Public “not fooled” on Grand National welfare

As today’s Grand National horserace gets underway at Aintree, new opinion polling suggests public concern over the welfare of participating horses.

Since 1996, fourteen horses have died during or shortly after the race, which is often considered the key fixture in Britain’s horseracing calendar. Last year, eight year-old ‘Hear the Echo’ died near the end of the course. His death brought to eighty the total number of horses to have died at the Grand National.

Polling by YouGov on behalf of the League Against Cruel Sports shows that when informed about the number of deaths as a result of the Grand National, 65% said they believe officials should make changes to decrease the risk to horses with some 48% thinking that fences should be lowered and 28% thinking that the number of horses taking part should be reduced. Sixty per-cent of the public declare some interest in the race, according to the poll, with 32% watching and betting for money.

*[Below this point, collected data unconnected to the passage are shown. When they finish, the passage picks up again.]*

(* Let $M,N\in\mathbb{N}^*$ and let $F$ be a set of $M+1$ points of $[0,1]$ whose elements satisfy $\rho_0=0<\rho_1<\dots<\rho_M=1$. Let $X(1/N)=\{t\in\,]0,1]:\ ]t-1/N,t]\cap F=\emptyset\}$. Then \[ \mathrm{card}\Big\{j\in\{1,\dots,N\}:\ \Big]\frac{j-1}{N},\frac jN\Big]\cap F=\emptyset\Big\} = N\,\mathrm{mes}\big(X(1/N)\big)+\sum_{\substack{1\le i\le M\\ \rho_i-\rho_{i-1}\ge 1/N}}\big(\{-N\rho_i\}-\{-N\rho_{i-1}\}\big). \]
   Context: $\mathrm{mes}$ denotes Lebesgue measure and $\{x\}$ the fractional part of the real number $x$. *)

theory Defs
  imports "HOL-Analysis.Analysis"
begin

end

theory Submission imports Defs begin

text \<open>
  A window \<open>]t - h, t]\<close> with \<open>0 < t \<le> 1\<close> misses \<open>F\<close> exactly when \<open>t\<close> lies in one of the
  intervals \<open>[\<rho>\<^sub>i\<^sub>-\<^sub>1 + h, \<rho>\<^sub>i[\<close>, which are pairwise disjoint. Hence \<open>X(1/N)\<close> is their disjoint
  union, and the counted \<open>j\<close> are those with \<open>j/N\<close> in this union. An interval \<open>[a + 1/N, b[\<close>
  with \<open>a \<ge> 0\<close> contains \<open>\<lceil>Nb\<rceil> - \<lceil>Na\<rceil> - 1\<close> grid points \<open>j/N\<close> when \<open>b - a \<ge> 1/N\<close> and none
  otherwise; writing \<open>\<lceil>z\<rceil> = z + {-z}\<close>, this is \<open>N\<close> times its length plus
  \<open>{-Nb} - {-Na}\<close>. Summing over the gaps gives the formula.
\<close>

lemma measure_lebesgue_Ico: "measure lebesgue {a..<b::real} = max 0 (b - a)"
  by (cases "a \<le> b") (simp_all add: measure_completion)

lemma emeasure_lebesgue_Ico_finite: "emeasure lebesgue {a..<b::real} \<noteq> \<infinity>"
  by (cases "a \<le> b") (simp_all add: emeasure_completion)

lemma grid_vimage_Ico:
  fixes n :: nat and a b :: real
  assumes "n > 0" "0 \<le> a"
  shows "(\<lambda>j::nat. real j / n) -` {a + 1/n..<b} = {nat \<lceil>n * a\<rceil> + 1..<nat \<lceil>n * b\<rceil>}"
proof -
  have "real j / n \<in> {a + 1/n..<b} \<longleftrightarrow> n * a + 1 \<le> real j \<and> real j < n * b" for j
    using assms(1) by (simp add: pos_le_divide_eq pos_divide_less_eq distrib_left mult.commute)
  moreover have "n * a + 1 \<le> real j \<longleftrightarrow> nat \<lceil>n * a\<rceil> + 1 \<le> j" for j
  proof -
    have "0 \<le> real n * a" using assms(2) by simp
    then have "0 \<le> \<lceil>n * a\<rceil>" by (metis ceiling_mono ceiling_zero)
    have "n * a + 1 \<le> real j \<longleftrightarrow> n * a \<le> real_of_int (int j - 1)"
      by linarith
    also have "\<dots> \<longleftrightarrow> \<lceil>n * a\<rceil> \<le> int j - 1"
      by (rule ceiling_le_iff[symmetric])
    also have "\<dots> \<longleftrightarrow> nat \<lceil>n * a\<rceil> + 1 \<le> j"
      using \<open>0 \<le> \<lceil>n * a\<rceil>\<close> by linarith
    finally show ?thesis .
  qed
  moreover have "real j < n * b \<longleftrightarrow> j < nat \<lceil>n * b\<rceil>" for j
    by (metis less_ceiling_iff of_int_of_nat_eq zless_nat_eq_int_zless)
  ultimately show ?thesis by auto
qed

lemma card_between_ceilings:
  fixes x y :: real
  assumes "0 \<le> x"
  shows "real (nat \<lceil>y\<rceil> - (nat \<lceil>x\<rceil> + 1))
    = max 0 (y - x - 1) + (if 1 \<le> y - x then frac (- y) - frac (- x) else 0)"
proof -
  have "int (nat \<lceil>y\<rceil> - (nat \<lceil>x\<rceil> + 1)) = max 0 (\<lceil>y\<rceil> - \<lceil>x\<rceil> - 1)"
    using assms by (simp add: max_def) arith
  then have card: "real (nat \<lceil>y\<rceil> - (nat \<lceil>x\<rceil> + 1)) = max 0 (\<lceil>y\<rceil> - \<lceil>x\<rceil> - 1)"
    by (metis of_int_of_nat_eq of_int_max of_int_0 of_int_diff of_int_1)
  have frac_uminus: "frac (- z) = \<lceil>z\<rceil> - z" for z :: real
    by (simp add: frac_def ceiling_def)
  show ?thesis
  proof (cases "1 \<le> y - x")
    case True
    then have "\<lceil>x\<rceil> + 1 \<le> \<lceil>y\<rceil>"
      by (metis ceiling_add_one ceiling_mono le_diff_eq add.commute)
    then show ?thesis using True card by (simp add: frac_uminus)
  next
    case False
    then have "\<lceil>y\<rceil> \<le> \<lceil>x\<rceil> + 1"
      by (metis ceiling_add_one ceiling_mono less_eq_real_def add.commute not_le diff_less_eq)
    then show ?thesis using False card by simp
  qed
qed

lemma card_grid_Ico:
  fixes n :: nat and a b :: real
  assumes "n > 0" "0 \<le> a"
  shows "real (card ((\<lambda>j::nat. real j / n) -` {a + 1/n..<b}))
    = n * measure lebesgue {a + 1/n..<b}
      + (if 1/n \<le> b - a then frac (- (n * b)) - frac (- (n * a)) else 0)"
proof -
  have "n * measure lebesgue {a + 1/n..<b} = max 0 (n * (b - a - 1/n))"
    by (simp add: measure_lebesgue_Ico max_mult_distrib_left diff_diff_eq)
  also have "n * (b - a - 1/n) = n * b - n * a - 1"
    using assms(1) by (simp add: right_diff_distrib)
  finally have "n * measure lebesgue {a + 1/n..<b} = max 0 (n * b - n * a - 1)" .
  moreover have "1/n \<le> b - a \<longleftrightarrow> 1 \<le> n * b - n * a"
    using assms(1) by (subst pos_divide_le_eq) (simp_all add: algebra_simps)
  moreover have "0 \<le> n * a" using assms(2) by simp
  ultimately show ?thesis
    using assms card_between_ceilings[of "n * a" "n * b"] by (simp add: grid_vimage_Ico)
qed

context
  fixes \<rho> :: "nat \<Rightarrow> real" and M :: nat
  assumes increasing: "\<forall>i<M. \<rho> i < \<rho> (Suc i)"
begin

lemma increasing_mono:
  assumes "i \<le> k" "k \<le> M"
  shows "\<rho> i \<le> \<rho> k"
  by (rule lift_Suc_mono_le_ivl[of "{..<M}"]) (use increasing assms in \<open>auto intro: less_imp_le\<close>)

lemma gaps_disjoint:
  assumes "0 \<le> h"
  shows "disjoint_family_on (\<lambda>i. {\<rho> (i - 1) + h..<\<rho> i}) {1..M}"
proof -
  have disjoint_if_less: "{\<rho> (i - 1) + h..<\<rho> i} \<inter> {\<rho> (k - 1) + h..<\<rho> k} = {}"
    if "i < k" "k \<le> M" for i k
  proof -
    have "\<rho> i \<le> \<rho> (k - 1)" using that by (intro increasing_mono) auto
    then show ?thesis using assms by auto
  qed
  show ?thesis
  proof (unfold disjoint_family_on_def, intro ballI impI)
    fix i k assume "i \<in> {1..M}" "k \<in> {1..M}" "i \<noteq> k"
    then consider "i < k" "k \<le> M" | "k < i" "i \<le> M" by fastforce
    then show "{\<rho> (i - 1) + h..<\<rho> i} \<inter> {\<rho> (k - 1) + h..<\<rho> k} = {}"
      by cases (use disjoint_if_less in \<open>auto simp: Int_commute\<close>)
  qed
qed

lemma gaps_subset: "(\<Union>i\<in>{1..M}. {\<rho> (i - 1) + h..<\<rho> i}) \<subseteq> {\<rho> 0 + h..<\<rho> M}"
proof
  fix t assume "t \<in> (\<Union>i\<in>{1..M}. {\<rho> (i - 1) + h..<\<rho> i})"
  then obtain i where "i \<in> {1..M}" "\<rho> (i - 1) + h \<le> t" "t < \<rho> i" by auto
  moreover from \<open>i \<in> {1..M}\<close> have "\<rho> 0 \<le> \<rho> (i - 1)" "\<rho> i \<le> \<rho> M"
    by (auto intro: increasing_mono)
  ultimately show "t \<in> {\<rho> 0 + h..<\<rho> M}" by auto
qed

lemma window_disjoint_iff_in_gap:
  assumes "0 < h" "\<rho> 0 < t" "t \<le> \<rho> M"
  shows "{t - h<..t} \<inter> \<rho> ` {0..M} = {} \<longleftrightarrow> t \<in> (\<Union>i\<in>{1..M}. {\<rho> (i - 1) + h..<\<rho> i})"
proof
  assume "{t - h<..t} \<inter> \<rho> ` {0..M} = {}"
  then have outside: "\<rho> k \<notin> {t - h<..t}" if "k \<le> M" for k
    using that by auto
  define i where "i = (LEAST i. t \<le> \<rho> i)"
  have "i \<le> M" and "t \<le> \<rho> i"
    unfolding i_def using assms(3) by (auto intro: Least_le LeastI)
  moreover have "i \<noteq> 0"
    using \<open>t \<le> \<rho> i\<close> assms(2) by (metis not_le)
  moreover have "\<rho> (i - 1) < t"
    using not_less_Least[of "i - 1" "\<lambda>i. t \<le> \<rho> i"] \<open>i \<noteq> 0\<close> unfolding i_def by auto
  ultimately show "t \<in> (\<Union>i\<in>{1..M}. {\<rho> (i - 1) + h..<\<rho> i})"
    using outside[of i] outside[of "i - 1"] assms(1) by (intro UN_I[of i]) fastforce+
next
  assume "t \<in> (\<Union>i\<in>{1..M}. {\<rho> (i - 1) + h..<\<rho> i})"
  then obtain i where i: "1 \<le> i" "i \<le> M" "\<rho> (i - 1) + h \<le> t" "t < \<rho> i"
    by auto
  have "\<rho> k \<notin> {t - h<..t}" if "k \<le> M" for k
  proof (cases "k \<le> i - 1")
    case True
    then have "\<rho> k \<le> \<rho> (i - 1)" using i by (intro increasing_mono) auto
    then show ?thesis using i by auto
  next
    case False
    then have "\<rho> i \<le> \<rho> k" using that by (intro increasing_mono) auto
    then show ?thesis using i by auto
  qed
  then show "{t - h<..t} \<inter> \<rho> ` {0..M} = {}"
    by auto
qed

lemma window_disjoint_set_eq_gaps:
  assumes "0 < h"
  shows "{t \<in> {\<rho> 0<..\<rho> M}. {t - h<..t} \<inter> \<rho> ` {0..M} = {}}
    = (\<Union>i\<in>{1..M}. {\<rho> (i - 1) + h..<\<rho> i})"
proof (intro set_eqI iffI)
  fix t assume "t \<in> {t \<in> {\<rho> 0<..\<rho> M}. {t - h<..t} \<inter> \<rho> ` {0..M} = {}}"
  then show "t \<in> (\<Union>i\<in>{1..M}. {\<rho> (i - 1) + h..<\<rho> i})"
    using window_disjoint_iff_in_gap[OF assms] by auto
next
  fix t assume gap: "t \<in> (\<Union>i\<in>{1..M}. {\<rho> (i - 1) + h..<\<rho> i})"
  then have "\<rho> 0 < t" "t \<le> \<rho> M" using subsetD[OF gaps_subset gap] assms by auto
  then show "t \<in> {t \<in> {\<rho> 0<..\<rho> M}. {t - h<..t} \<inter> \<rho> ` {0..M} = {}}"
    using window_disjoint_iff_in_gap[OF assms] gap by auto
qed

lemma card_grid_gaps:
  fixes n :: nat
  assumes "0 < n" "0 \<le> \<rho> 0"
  shows "real (card ((\<lambda>j. real j / n) -` (\<Union>i\<in>{1..M}. {\<rho> (i - 1) + 1/n..<\<rho> i})))
    = n * measure lebesgue (\<Union>i\<in>{1..M}. {\<rho> (i - 1) + 1/n..<\<rho> i})
      + (\<Sum>i\<in>{i \<in> {1..M}. \<rho> i - \<rho> (i - 1) \<ge> 1/n}.
           frac (- (n * \<rho> i)) - frac (- (n * \<rho> (i - 1))))"
proof -
  define G where "G i = {\<rho> (i - 1) + 1/n..<\<rho> i}" for i
  define grid where "grid j = real j / n" for j :: nat
  have disjoint: "disjoint_family_on G {1..M}"
    unfolding G_def by (rule gaps_disjoint) simp
  have per_gap: "real (card (grid -` G i)) = n * measure lebesgue (G i)
      + (if 1/n \<le> \<rho> i - \<rho> (i - 1) then frac (- (n * \<rho> i)) - frac (- (n * \<rho> (i - 1))) else 0)"
    and finite: "finite (grid -` G i)" if "i \<in> {1..M}" for i
  proof -
    have "\<rho> 0 \<le> \<rho> (i - 1)" using that by (intro increasing_mono) auto
    with assms(2) have "0 \<le> \<rho> (i - 1)" by simp
    then show "real (card (grid -` G i)) = n * measure lebesgue (G i)
      + (if 1/n \<le> \<rho> i - \<rho> (i - 1) then frac (- (n * \<rho> i)) - frac (- (n * \<rho> (i - 1))) else 0)"
      and "finite (grid -` G i)"
      using card_grid_Ico[OF assms(1)] grid_vimage_Ico[OF assms(1)] unfolding G_def grid_def by simp_all
  qed
  have "card (grid -` (\<Union>i\<in>{1..M}. G i)) = (\<Sum>i\<in>{1..M}. card (grid -` G i))"
    unfolding vimage_UN
    by (rule card_UN_disjoint'[OF disjoint_family_on_vimageI[OF disjoint]]) (use finite in auto)
  then have "real (card (grid -` (\<Union>i\<in>{1..M}. G i)))
      = (\<Sum>i\<in>{1..M}. n * measure lebesgue (G i)
          + (if 1/n \<le> \<rho> i - \<rho> (i - 1) then frac (- (n * \<rho> i)) - frac (- (n * \<rho> (i - 1))) else 0))"
    using per_gap by simp
  moreover have "measure lebesgue (\<Union>i\<in>{1..M}. G i) = (\<Sum>i\<in>{1..M}. measure lebesgue (G i))"
  proof (rule measure_finite_Union[OF _ _ disjoint])
    show "emeasure lebesgue (G i) \<noteq> \<infinity>" for i
      unfolding G_def by (rule emeasure_lebesgue_Ico_finite)
  qed (auto simp: G_def)
  ultimately show ?thesis
    unfolding G_def[symmetric] grid_def[symmetric] sum.inter_filter[OF finite_atLeastAtMost]
    by (simp add: sum.distrib sum_distrib_left)
qed

end

lemma grid_windows_eq_vimage:
  fixes N :: nat and F :: "real set"
  assumes "0 < N"
  shows "{j \<in> {1..N}. {(real j - 1) / N<..real j / N} \<inter> F = {}}
    = (\<lambda>j. real j / N) -` {t \<in> {0<..1}. {t - 1/N<..t} \<inter> F = {}}"
proof -
  have "j \<in> {1..N} \<longleftrightarrow> real j / N \<in> {0<..1}" for j
    using assms by (auto simp: divide_le_eq_1 zero_less_divide_iff)
  moreover have "{(real j - 1) / N<..real j / N} = {real j / N - 1/N<..real j / N}" for j
    by (simp add: diff_divide_distrib)
  ultimately show ?thesis by auto
qed

theorem proposition4:
  fixes M N :: nat and \<rho> :: "nat \<Rightarrow> real" and F X :: "real set"
  assumes "M \<ge> 1" and "N \<ge> 1"
    and "\<rho> 0 = 0" and "\<rho> M = 1"
    and "\<forall>i<M. \<rho> i < \<rho> (Suc i)"
    and "F = \<rho> ` {0..M}"
    and "X = {t \<in> {0<..1}. {t - 1 / real N<..t} \<inter> F = {}}"
  shows "real (card {j \<in> {1..N}. {(real j - 1) / real N<..real j / real N} \<inter> F = {}})
           = real N * measure lebesgue X
             + (\<Sum>i\<in>{i \<in> {1..M}. \<rho> i - \<rho> (i - 1) \<ge> 1 / real N}.
                  frac (- (real N * \<rho> i)) - frac (- (real N * \<rho> (i - 1))))"
proof -
  have N: "0 < N" using assms(2) by simp
  have X_eq: "X = (\<Union>i\<in>{1..M}. {\<rho> (i - 1) + 1 / real N..<\<rho> i})"
    using window_disjoint_set_eq_gaps[OF assms(5), of "1 / real N"] N assms(3,4,6,7) by simp
  have "{j \<in> {1..N}. {(real j - 1) / real N<..real j / real N} \<inter> F = {}}
      = (\<lambda>j. real j / N) -` X"
    using grid_windows_eq_vimage[OF N] assms(7) by simp
  then show ?thesis
    using card_grid_gaps[OF assms(5) N] assms(3) unfolding X_eq by simp
qed

end
lemma inC_Un: "inC \<alpha> XX1 \<Longrightarrow> inC \<alpha> XX2 \<Longrightarrow> inC \<alpha> (XX1 \<union> XX2)"
proof (induction \<alpha> arbitrary: XX1 XX2 rule: less_induct)
  case (less \<alpha>)
  show ?case
  proof (cases "\<exists>\<beta>. \<beta> < \<alpha>")
    case False
    then show ?thesis using less.prems bounded_family_Un by (simp add: inC_minimal_iff)
  next
    case True
    show ?thesis unfolding inC_nonminimal_iff[OF True]
    proof
      fix R
      obtain \<beta>1 YY1 where "\<beta>1 < \<alpha>" "inC \<beta>1 YY1" "decomposes R XX1 YY1"
        using less.prems(1) inC_nonminimal_iff[OF True] by blast
      moreover obtain \<beta>2 YY2 where "\<beta>2 < \<alpha>" "inC \<beta>2 YY2" "decomposes R XX2 YY2"
        using less.prems(2) inC_nonminimal_iff[OF True] by blast
      moreover have "inC (max \<beta>1 \<beta>2) YY1" "inC (max \<beta>1 \<beta>2) YY2"
        using calculation by (auto intro: inC_mono)
      ultimately have "max \<beta>1 \<beta>2 < \<alpha>" "inC (max \<beta>1 \<beta>2) (YY1 \<union> YY2)"
        and "decomposes R (XX1 \<union> XX2) (YY1 \<union> YY2)"
        by (simp_all add: less.IH decomposes_Un)
      then show "\<exists>\<beta><\<alpha>. \<exists>YY. inC \<beta> YY \<and> decomposes R (XX1 \<union> XX2) YY"
        by blast
    qed
  qed
qed

lemma bounded_family_singleton: "bounded_family {S} \<longleftrightarrow> bounded S"
  by (simp add: bounded_family_def bounded_two_points)

lemma bounded_if_no_far_triple:
  fixes S :: "'a::metric_space set"
  assumes "\<And>x y z. x \<in> S \<Longrightarrow> y \<in> S \<Longrightarrow> z \<in> S \<Longrightarrow> D < dist x y \<Longrightarrow> D < dist y z \<Longrightarrow> dist x z \<le> D"
  shows "bounded S"
proof (cases "\<exists>x\<in>S. \<exists>y\<in>S. D < dist x y")
  case False
  then show ?thesis by (auto simp: bounded_two_points not_less)
next
  case True
  then obtain x y where xy: "x \<in> S" "y \<in> S" "D < dist x y" by blast
  have "dist x z \<le> dist x y + D" if "z \<in> S" for z
  proof (cases "D < dist y z")
    case True
    then have "dist x z \<le> D" using assms xy that by blast
    then show ?thesis using zero_le_dist[of x y] by linarith
  next
    case False
    then show ?thesis using dist_triangle[of x z y] by linarith
  qed
  then show ?thesis unfolding bounded_def by blast
qed
lemma delta_packing_lipschitz_preimage:
  fixes F :: "'a::metric_space \<Rightarrow> 'b::real_normed_vector"
  assumes lip: "K-lipschitz_on E F" and "K > 0" and B: "delta_packing (F ` E) \<delta> B"
  defines "g \<equiv> \<lambda>(y, r). (inv_into E F y, r / K)"
  shows "delta_packing E (\<delta> / K) (g ` B)" and "inj_on g B"
proof -
  have B_fin: "finite B" and B_ball: "\<And>y r. (y, r) \<in> B \<Longrightarrow> y \<in> F ` E \<and> 0 < r \<and> r \<le> \<delta>"
    and B_disj: "disjoint_family_on (\<lambda>(y, r). cball y r) B"
    using B unfolding delta_packing_def by auto
  have g_disj: "cball (inv_into E F y) (r / K) \<inter> cball (inv_into E F y') (r' / K) = {}"
    if "(y, r) \<in> B" "(y', r') \<in> B" "(y, r) \<noteq> (y', r')" for y r y' r'
  proof (rule disjoint_cballI)
    have "cball y r \<inter> cball y' r' = {}"
      using B_disj that unfolding disjoint_family_on_def by fastforce
    then have "r + r' < dist y y'"
      using B_ball that by (intro disjoint_cballD) (auto simp: less_imp_le)
    also have "\<dots> \<le> K * dist (inv_into E F y) (inv_into E F y')"
      using lipschitz_onD[OF lip] B_ball that by (metis f_inv_into_f inv_into_into)
    finally show "r / K + r' / K < dist (inv_into E F y) (inv_into E F y')"
      using \<open>K > 0\<close> by (simp add: add_divide_distrib[symmetric] divide_less_eq mult.commute)
  qed
  show "inj_on g B"
  proof (rule inj_onI, clarify)
    fix y r y' r' assume "(y, r) \<in> B" "(y', r') \<in> B" "g (y, r) = g (y', r')"
    moreover have "0 < r / K"
      using B_ball \<open>(y, r) \<in> B\<close> \<open>K > 0\<close> by simp
    ultimately show "y = y' \<and> r = r'"
      using g_disj[of y r y' r'] \<open>K > 0\<close> by (fastforce simp: g_def)
  qed
  have "disjoint_family_on (\<lambda>(x, r). cball x r) (g ` B)"
    unfolding disjoint_family_on_def
  proof (intro ballI impI)
    fix m n assume "m \<in> g ` B" "n \<in> g ` B" "m \<noteq> n"
    then obtain y r y' r' where "(y, r) \<in> B" "(y', r') \<in> B" "m = g (y, r)" "n = g (y', r')"
      by auto
    with \<open>m \<noteq> n\<close> show "(\<lambda>(x, r). cball x r) m \<inter> (\<lambda>(x, r). cball x r) n = {}"
      using g_disj by (auto simp: g_def)
  qed
  then show "delta_packing E (\<delta> / K) (g ` B)"
    unfolding delta_packing_def using B_fin B_ball \<open>K > 0\<close>
    by (auto simp: g_def inv_into_into divide_right_mono)
qed
(* The homotopy $H:\mathcal{T}^c(M)\to\mathcal{T}^c(M)$ maps the sub-$\mathbb{S}$-module $\mathcal{G}^{¡}\subset\mathcal{T}^c(M)$ into itself.
   Context: $M$ is spanned by arity-2 elements $\mu$ (degree 1) and $\beta$ (degree 2), trivial $\mathbb{S}_2$-action. The Gerstenhaber operad is $\mathcal{G}=\mathcal{T}(s^{-1}M)/(R)$ with $s^{-1}\mu=\bullet$ (commutative associative product) and $s^{-1}\beta=\langle\,,\rangle$ (degree-1 Lie bracket), with Leibniz compatibility. Its Koszul dual cooperad $\mathcal{G}^{¡}$ is the intersection of $\mathcal{T}^c(M)\subset\mathcal{T}^c(s\overline{\mathcal{G}})$ with the kernel of the coderivation $d_2$ of the bar construction induced by infinitesimal composition in $\mathcal G$. $H$ is defined as follows: for a binary tree and vertex $v$, $\omega(v)=m_vn_v$ where $m_v,n_v$ are the numbers of leaves above the two inputs of $v$; $h:M\to M$ sends $\beta\mapsto\mu,\mu\mapsto0$; $H$ sends a decorated tree with $n$ vertices to $\sum_v\frac{\omega(v)}{\binom{n+1}{2}}$ times the tree with $h$ applied at $v$ (Koszul sign, vertices ordered via the planar representation). *)

theory Defs
  imports Main
begin

text \<open>Decorations: Mu = mu (degree 1), Be = beta (degree 2), trivial S2-action.\<close>
datatype dec = Mu | Be

datatype tree = Lf nat | Nd dec tree tree

fun dg :: "dec \<Rightarrow> nat" where
  "dg Mu = 1" | "dg Be = 2"

fun tdeg :: "tree \<Rightarrow> nat" where
  "tdeg (Lf i) = 0"
| "tdeg (Nd d l r) = dg d + tdeg l + tdeg r"

fun leaves :: "tree \<Rightarrow> nat list" where
  "leaves (Lf i) = [i]"
| "leaves (Nd d l r) = leaves l @ leaves r"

A spokesman for the League said that whilst the numbers of people having a flutter remain high, there are signs of concern about animal welfare. “Aintree will tell you that the welfare of horses is their number one concern, but the obvious truth is that profit will always come first. These polling figures show that only a small minority of the public think the current racecourse is acceptable in welfare terms.”

“If human participants in sports died at the rate suffered by horses in the Grand National, there would be outcry,” the spokesman said. “But somehow the beautiful and majestic creatures are seen as expendable resources, there to allow us to make a few quid when we hedge our bets. We need a change in approach which values their lives above the bookies’ profits.”

The League, which doesn’t call for a ban on horseracing but instead insists on welfare improvements, is asking its supporters to email Heineken chiefs to call on them to use their sponsorship power to call for improvements. John Smith’s Bitter, owned by Heineken, has sponsored the Grand National since 2005.